Source, Tags and Codes - and no this is not going to be a review trying to built connections between records that hold no connection. It’s just gonna use it to structure this review of Ekca Liena’s latest record. The second part of the text will be a short interview we did with Daniel Mackenzie, the mastermind behind the ambient project.
Source - well, of course, Daniel is the source for everything we hear on Skyward Vernacular, the last record he has composed under this stage name. A voyage that started more than ten years ago with the release of the Slow Music For Rapid Eye Movement back in 2008. Now, some thirteen years later, Ekca Liena shows once again how important an open ear is for such music. One can hear many field recordings that have then been re-assembled and re-transfigured. The most “dominant” instrument are the reconfigured Glockenspiel sounds that are used throughout the record because they go along very well with the theme (see Codes). The way that Mackenzie layers some slightly distorted levels of music upon each other is easily some of the most remarkable ambient music I heard in 2021 as it can become so loud that it’s bordering on drone-metal, e.g. listen to “World Pivot” with its “blacklashes” of sounds. Here the knacking or percussion somewhat remind me of an old zeppelin - but one is not in the little cabin underneath it but in the middle of the balloon and you can hear all the movements of the structure inside. The same can be said about the thirteen minute epic “Through Decades”.
Tags As aforementioned this is ambient music and one should not try to impose any other genre-tag on it, for Mackenzie plays with quite a few of them on this record. You can even hear an ambient world music track like “Look Your Last” where you seemingly hear chants from far away. Or the continous industrial hints in many songs. Some of the sounds are so raspy and rigid that one might think that this is industrialized folk. Whatever tag one wants to place upon it - be aware that it is useless up to a certain point, for there are too many elements in here. The only really applicable one is ambient, for that is the basis for everything. Any other notion is something that the listener projects onto it.
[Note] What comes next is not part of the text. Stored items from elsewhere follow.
lemma constant_automorphism_shape:
  fixes A B C :: "'a::field poly"
  assumes Bd: "B = 0 \<or> degree B < degree A" and AC: "degree A = degree C"
    and two: "(2::'a) \<noteq> 0" and lA: "lead_coeff A = 1" and lam: "lam * lead_coeff C = 1"
    and aut: "form_comp (A, B, C) ([:a:], [:b:], [:c:], [:d:]) = (A, B, C)"
  defines "u \<equiv> a * d - b * c"
  shows "u = 1 \<or> u = -1" and "d = u * a" and "c = - u * lam * b"
    and "b \<noteq> 0 \<Longrightarrow> smult a B = smult (u * b) (smult lam C - A)"
proof -
  define \<mu> where "\<mu> = lead_coeff C"
  note K = constant_automorphism_orthonormal[OF Bd AC two lA aut, folded \<mu>_def]
  have lm: "lam * \<mu> = 1" using lam unfolding \<mu>_def .
  txt \<open>Orthonormal columns: \<open>\<mu> det(M)\<^sup>2 = \<mu>\<close>, and the second column is \<open>u\<close> times the
    rotated first one.\<close>
  have "\<mu> * u^2 = \<mu> * 1" using K unfolding u_def by algebra
  hence u2: "u^2 = 1" using lm by auto
  thus "u = 1 \<or> u = -1" by (simp add: power2_eq_1_iff)
  show d: "d = u * a" using K(1,2) unfolding u_def by algebra
  show c: "c = - u * lam * b" using K(2,3) lm unfolding u_def by algebra
  txt \<open>For \<open>b \<noteq> 0\<close>, substituting into the first equation leaves
    \<open>\<lambda> b (\<lambda> b C - b A - u a B) = 0\<close>.\<close>
  show "smult a B = smult (u * b) (smult lam C - A)" if b: "b \<noteq> 0"
  proof (rule poly_eqI)
    fix k
    have lam0: "lam \<noteq> 0" using lm by auto
    have c2: "c^2 = lam^2 * b^2" using u2 unfolding c by (simp add: power_mult_distrib)
    have "\<mu> * c^2 = lam * b^2" unfolding c2 using lm by (simp add: power2_eq_square algebra_simps)
    hence a2: "a^2 = 1 - lam * b^2" using K(1) by (simp add: algebra_simps)
    have "(1 - lam * b^2) * coeff A k + a * (- u * lam * b) * coeff B k + lam^2 * b^2 * coeff C k
          = coeff A k"
      using constant_automorphism_coeffs(1)[OF aut, of k] unfolding a2 c2 by (simp add: c)
    hence "lam * b * (lam * b * coeff C k - b * coeff A k - u * a * coeff B k) = 0"
      by (simp add: algebra_simps power2_eq_square)
    hence "lam * b * coeff C k - b * coeff A k - u * a * coeff B k = 0" using lam0 b by simp
    hence "u * a * coeff B k = b * (lam * coeff C k - coeff A k)" by (simp add: algebra_simps)
    hence "a * coeff B k = u * b * (lam * coeff C k - coeff A k)"
      using u2 by (metis mult.assoc mult_1 power2_eq_square)
    thus "coeff (smult a B) k = coeff (smult (u * b) (smult lam C - A)) k"
      by (simp add: algebra_simps)
  qed
qed

(* An automorphism with beta <> 0 has determinant -1: compare the coefficients of degree deg B
   in the middle equation. *)
lemma automorphism_det_minus_one:
  fixes A B C :: "'a::field poly"
  assumes u: "u = 1 \<or> u = -1" and B: "B \<noteq> 0"
    and rel: "smult a B = smult (u * b) (smult lam C - A)" and norm: "a^2 + lam * b^2 = 1"
    and aut: "form_comp (A, B, C) ([:a:], [:b:], [:- u * lam * b:], [:u * a:]) = (A, B, C)"
  shows "u = -1"
proof -
  define k where "k = degree B"
  have u2: "u^2 = 1" using u by auto
  have rk: "a * coeff B k = u * b * (lam * coeff C k - coeff A k)"
    using arg_cong[OF rel, of "\<lambda>p. coeff p k"] by (simp add: algebra_simps)
  note mid = constant_automorphism_coeffs(2)[OF aut, of k]
  have "(u + 1) * coeff B k = 0" using u2 rk mid norm by algebra
  thus "u = -1" using B k_def by (simp add: add_eq_0_iff2)
qed

(* The matrix (a, b, lambda b, -a); the automorphisms with beta <> 0 turn out to be of this form. *)
definition reflection :: "'a::field \<Rightarrow> 'a \<Rightarrow> 'a \<Rightarrow> 'a mat2" where
  "reflection lam a b = ([:a:], [:b:], [:lam * b:], [:- a:])"

definition reflection_solutions :: "'a::field \<Rightarrow> 'a bqf \<Rightarrow> 'a mat2 set" where
  "reflection_solutions lam f = (case f of (A, B, C) \<Rightarrow>
     {reflection lam a b | a b. b \<noteq> 0 \<and> B \<noteq> 0 \<and>
        smult a B = smult (- b) (smult lam C - A) \<and> a^2 + lam * b^2 = 1})"

lemma reflection_automorphism:
  fixes A B C :: "'a::field poly"
  assumes rel: "smult a B = smult (- b) (smult lam C - A)" and norm: "a^2 + lam * b^2 = 1"
  shows "inGL2 (reflection lam a b) \<and> form_comp (A, B, C) (reflection lam a b) = (A, B, C)"
proof -
  have relk: "a * coeff B k = - b * (lam * coeff C k - coeff A k)" for k
    using arg_cong[OF rel, of "\<lambda>p. coeff p k"] by simp
  have "mdet (reflection lam a b) = [:-1:]"
    using norm unfolding reflection_def mdet_def by (simp add: power2_eq_square algebra_simps)
  hence "inGL2 (reflection lam a b)" unfolding inGL2_def by simp
  moreover have "smult (a^2) A + smult (a * (lam * b)) B + smult ((lam * b)^2) C = A"
    apply (rule poly_eqI)
    subgoal for k unfolding coeff_add coeff_smult using relk[of k] norm by algebra
    done
  moreover have "smult (2 * a * b) A + smult (a * - a + b * (lam * b)) B + smult (2 * (lam * b) * - a) C = B"
    apply (rule poly_eqI)
    subgoal for k unfolding coeff_add coeff_smult using relk[of k] norm by algebra
    done
  moreover have "smult (b^2) A + smult (b * - a) B + smult ((- a)^2) C = C"
    apply (rule poly_eqI)
    subgoal for k unfolding coeff_add coeff_smult using relk[of k] norm by algebra
    done
  ultimately show ?thesis unfolding reflection_def form_comp_const by simp
qed

lemma smult_proportional_iff:
  fixes B :: "'a::field poly"
  assumes B: "B \<noteq> 0"
  shows "smult a B = smult (- b) (smult c B) \<longleftrightarrow> a = - c * b"
proof -
  have "smult a B = smult (- b) (smult c B) \<longleftrightarrow> smult (a + c * b) B = 0"
    by (simp add: smult_add_left eq_neg_iff_add_eq_0 mult.commute)
  thus ?thesis using B by (simp add: eq_neg_iff_add_eq_0)
qed

(* Solving the conditions: once lambda C - A = c B with B <> 0, they say a = -c b and
   (c^2 + lambda) b^2 = 1, so for c^2 + lambda = s^2 there are exactly the solutions b = +-1/s. *)
lemma reflection_solutions_explicit:
  fixes A B C :: "'a::field poly"
  assumes B: "B \<noteq> 0" and c: "smult lam C - A = smult c B" and s: "s \<noteq> 0"
    and cs: "c^2 + lam = s^2"
  shows "reflection_solutions lam (A, B, C) =
           {reflection lam (- c * (1 / s)) (1 / s), reflection lam (- c * (- 1 / s)) (- 1 / s)}"
proof -
  have "M \<in> reflection_solutions lam (A, B, C) \<longleftrightarrow>
          (\<exists>b. (b = 1 / s \<or> b = - 1 / s) \<and> M = reflection lam (- c * b) b)" for M
  proof -
    have "(smult a B = smult (- b) (smult lam C - A)) \<longleftrightarrow> a = - c * b" for a b
      unfolding c by (rule smult_proportional_iff[OF B])
    moreover have "(b \<noteq> 0 \<and> (- c * b)^2 + lam * b^2 = 1) \<longleftrightarrow> (b = 1 / s \<or> b = - 1 / s)" for b
    proof -
      have "(- c * b)^2 + lam * b^2 = (b * s)^2" using cs by algebra
      hence "(b \<noteq> 0 \<and> (- c * b)^2 + lam * b^2 = 1) \<longleftrightarrow> (b * s)^2 = 1" by auto
      also have "\<dots> \<longleftrightarrow> b * s = 1 \<or> b * s = - 1" by (rule power2_eq_1_iff)
      also have "\<dots> \<longleftrightarrow> b = 1 / s \<or> b = - 1 / s" using s by (auto simp: field_simps)
      finally show ?thesis .
    qed
    ultimately show ?thesis unfolding reflection_solutions_def using B by auto
  qed
  thus ?thesis by blast
qed

lemma reflection_solutions_nonempty_iff:
  fixes A B C :: "'a::field poly"
  shows "reflection_solutions lam (A, B, C) \<noteq> {} \<longleftrightarrow>
           B \<noteq> 0 \<and> (\<exists>c. smult lam C - A = smult c B \<and> (\<exists>s. s \<noteq> 0 \<and> c^2 + lam = s^2))"
proof
  assume "reflection_solutions lam (A, B, C) \<noteq> {}"
  then obtain a b where b: "b \<noteq> 0" and B: "B \<noteq> 0"
    and rel: "smult a B = smult (- b) (smult lam C - A)" and norm: "a^2 + lam * b^2 = 1"
    unfolding reflection_solutions_def by blast
  have "smult lam C - A = smult (- a / b) B"
    using arg_cong[OF rel, of "smult (- 1 / b)"] b by simp
  moreover have "(- a / b)^2 + lam = (1 / b)^2" using norm b by (simp add: field_simps)
  ultimately show "B \<noteq> 0 \<and> (\<exists>c. smult lam C - A = smult c B \<and> (\<exists>s. s \<noteq> 0 \<and> c^2 + lam = s^2))"
    using B b by (metis divide_eq_0_iff one_neq_zero)
next
  assume "B \<noteq> 0 \<and> (\<exists>c. smult lam C - A = smult c B \<and> (\<exists>s. s \<noteq> 0 \<and> c^2 + lam = s^2))"
  thus "reflection_solutions lam (A, B, C) \<noteq> {}" using reflection_solutions_explicit by blast
qed

(* In odd characteristic the two solutions b = 1/s and b = -1/s are distinct. *)
lemma reflection_solutions_card:
  fixes A B C :: "'a::field poly"
  assumes two: "(2::'a) \<noteq> 0" and ne: "reflection_solutions lam (A, B, C) \<noteq> {}"
  shows "card (reflection_solutions lam (A, B, C)) = 2"
proof -
  obtain c s where B: "B \<noteq> 0" and c: "smult lam C - A = smult c B" and s: "s \<noteq> 0"
    and cs: "c^2 + lam = s^2"
    using ne reflection_solutions_nonempty_iff by blast
  have "1 / s \<noteq> - 1 / s" using two s by (simp add: field_simps)
  hence "reflection lam (- c * (1 / s)) (1 / s) \<noteq> reflection lam (- c * (- 1 / s)) (- 1 / s)"
    by (simp add: reflection_def)
  thus ?thesis unfolding reflection_solutions_explicit[OF B c s cs] by simp
qed

(* The case deg A = deg C, in the normalisation lc(A) = 1, lambda lc(C) = 1 provided by the
   paper's hypotheses. *)
context
  fixes A B C :: "'a::field_gcd poly" and lam :: 'a
  assumes f: "leading_anisotropic (A, B, C)" and AC: "degree A = degree C"
    and two: "(2::'a) \<noteq> 0" and lA: "lead_coeff A = 1" and lam: "lam * lead_coeff C = 1"
    and prim: "gcd A (gcd B C) = 1" and dC: "degree C \<ge> 1"
begin

lemma automorphisms_equal_degrees:
  assumes aut: "form_comp (A, B, C) M = (A, B, C)"
  shows "\<exists>\<alpha> \<beta> u. (u = 1 \<or> u = -1) \<and> mdet M = [:u:] \<and>
           M = ([:\<alpha>:], [:\<beta>:], [:- u * lam * \<beta>:], [:u * \<alpha>:]) \<and>
           (\<beta> \<noteq> 0 \<longrightarrow> B \<noteq> 0 \<and> smult \<alpha> B = smult (u * \<beta>) (smult lam C - A))"
proof -
  have Bd: "B = 0 \<or> degree B < degree A" using f by (simp add: leading_anisotropic_def)
  obtain \<alpha> \<beta> \<gamma> \<delta> where M: "M = ([:\<alpha>:], [:\<beta>:], [:\<gamma>:], [:\<delta>:])"
  proof -
    obtain a b c d where "M = (a, b, c, d)" by (cases M) auto
    with automorphism_entries_constant[OF f AC] aut that show ?thesis
      by (metis degree_0_id)
  qed
  define u where "u = \<alpha> * \<delta> - \<beta> * \<gamma>"
  note shape = constant_automorphism_shape[OF Bd AC two lA lam aut[unfolded M], folded u_def]
  txt \<open>If \<open>B = 0\<close>, the relation would make \<open>A\<close> a constant multiple of \<open>C\<close>, so the
    nonconstant \<open>C\<close> would divide \<open>gcd(A, B, C) = 1\<close>.\<close>
  have "B \<noteq> 0" if \<beta>: "\<beta> \<noteq> 0"
  proof
    assume B: "B = 0"
    have "smult (u * \<beta>) (smult lam C - A) = 0" using shape(4)[OF \<beta>] B by simp
    moreover have "u * \<beta> \<noteq> 0" using shape(1) \<beta> by auto
    ultimately have "A = smult lam C" by simp
    hence "C dvd gcd A (gcd B C)" using B by (simp add: dvd_smult)
    moreover have "C \<noteq> 0" using f by (simp add: leading_anisotropic_def)
    ultimately show False using prim dC by (simp add: is_unit_iff_degree)
  qed
  moreover have "mdet M = [:u:]" unfolding M mdet_def u_def by simp
  ultimately show ?thesis using shape unfolding M by blast
qed

lemma reflection_automorphisms_iff:
  "(inGL2 M \<and> form_comp (A, B, C) M = (A, B, C) \<and> fst (snd M) \<noteq> 0) \<longleftrightarrow>
     M \<in> reflection_solutions lam (A, B, C)"
proof
  assume H: "inGL2 M \<and> form_comp (A, B, C) M = (A, B, C) \<and> fst (snd M) \<noteq> 0"
  then obtain a b u where u: "u = 1 \<or> u = -1" and det: "mdet M = [:u:]"
    and M: "M = ([:a:], [:b:], [:- u * lam * b:], [:u * a:])"
    and rel: "b \<noteq> 0 \<longrightarrow> B \<noteq> 0 \<and> smult a B = smult (u * b) (smult lam C - A)"
    using automorphisms_equal_degrees by blast
  have b: "b \<noteq> 0" using H M by simp
  have B: "B \<noteq> 0" and r: "smult a B = smult (u * b) (smult lam C - A)" using rel b by auto
  have "[:u * (a^2 + lam * b^2):] = [:u:]" using det unfolding M mdet_def
    by (simp add: power2_eq_square algebra_simps)
  hence norm: "a^2 + lam * b^2 = 1" using u by auto
  have "u = -1" using automorphism_det_minus_one[OF u B r norm] H unfolding M by simp
  thus "M \<in> reflection_solutions lam (A, B, C)"
    using b B M r norm unfolding reflection_solutions_def reflection_def by auto
next
  assume "M \<in> reflection_solutions lam (A, B, C)"
  then obtain a b where "b \<noteq> 0" "M = reflection lam a b"
    "smult a B = smult (- b) (smult lam C - A)" "a^2 + lam * b^2 = 1"
    unfolding reflection_solutions_def by blast
  thus "inGL2 M \<and> form_comp (A, B, C) M = (A, B, C) \<and> fst (snd M) \<noteq> 0"
    using reflection_automorphism[of a B b lam C A] by (simp add: reflection_def)
qed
Codes The voyage of Ekca Liena is over and where better to dissolve than into the vapor from which we came. Thus the direction must always be upwards for we all go to heaven, right? So, up, up, we float - and how can we float that direction? Obviously with the help of the winds. And here the glockenspiel-chimes come into play as well as the sounds that seem to fringe out toward the celestial. The last voyage that we all go on is hinted at with Skyward - and if that is the direction, then all the sounds we hear form the Vernacular for this trip. That notion once again shows how great this artist is at naming his records. Naming, arranging, recording them! And thus we were lucky to get Daniel’s last interview as Ekca Liena for you. Check it out here:
Daniel, the name Ekca Liena is obviously a play on your name, like an abbreviated anagram: however, you are probably aware that people can take that anagram and rearrange its letters into words like “acke” or “alien”. How do you react to people searching for hidden messages in your stage moniker or songs?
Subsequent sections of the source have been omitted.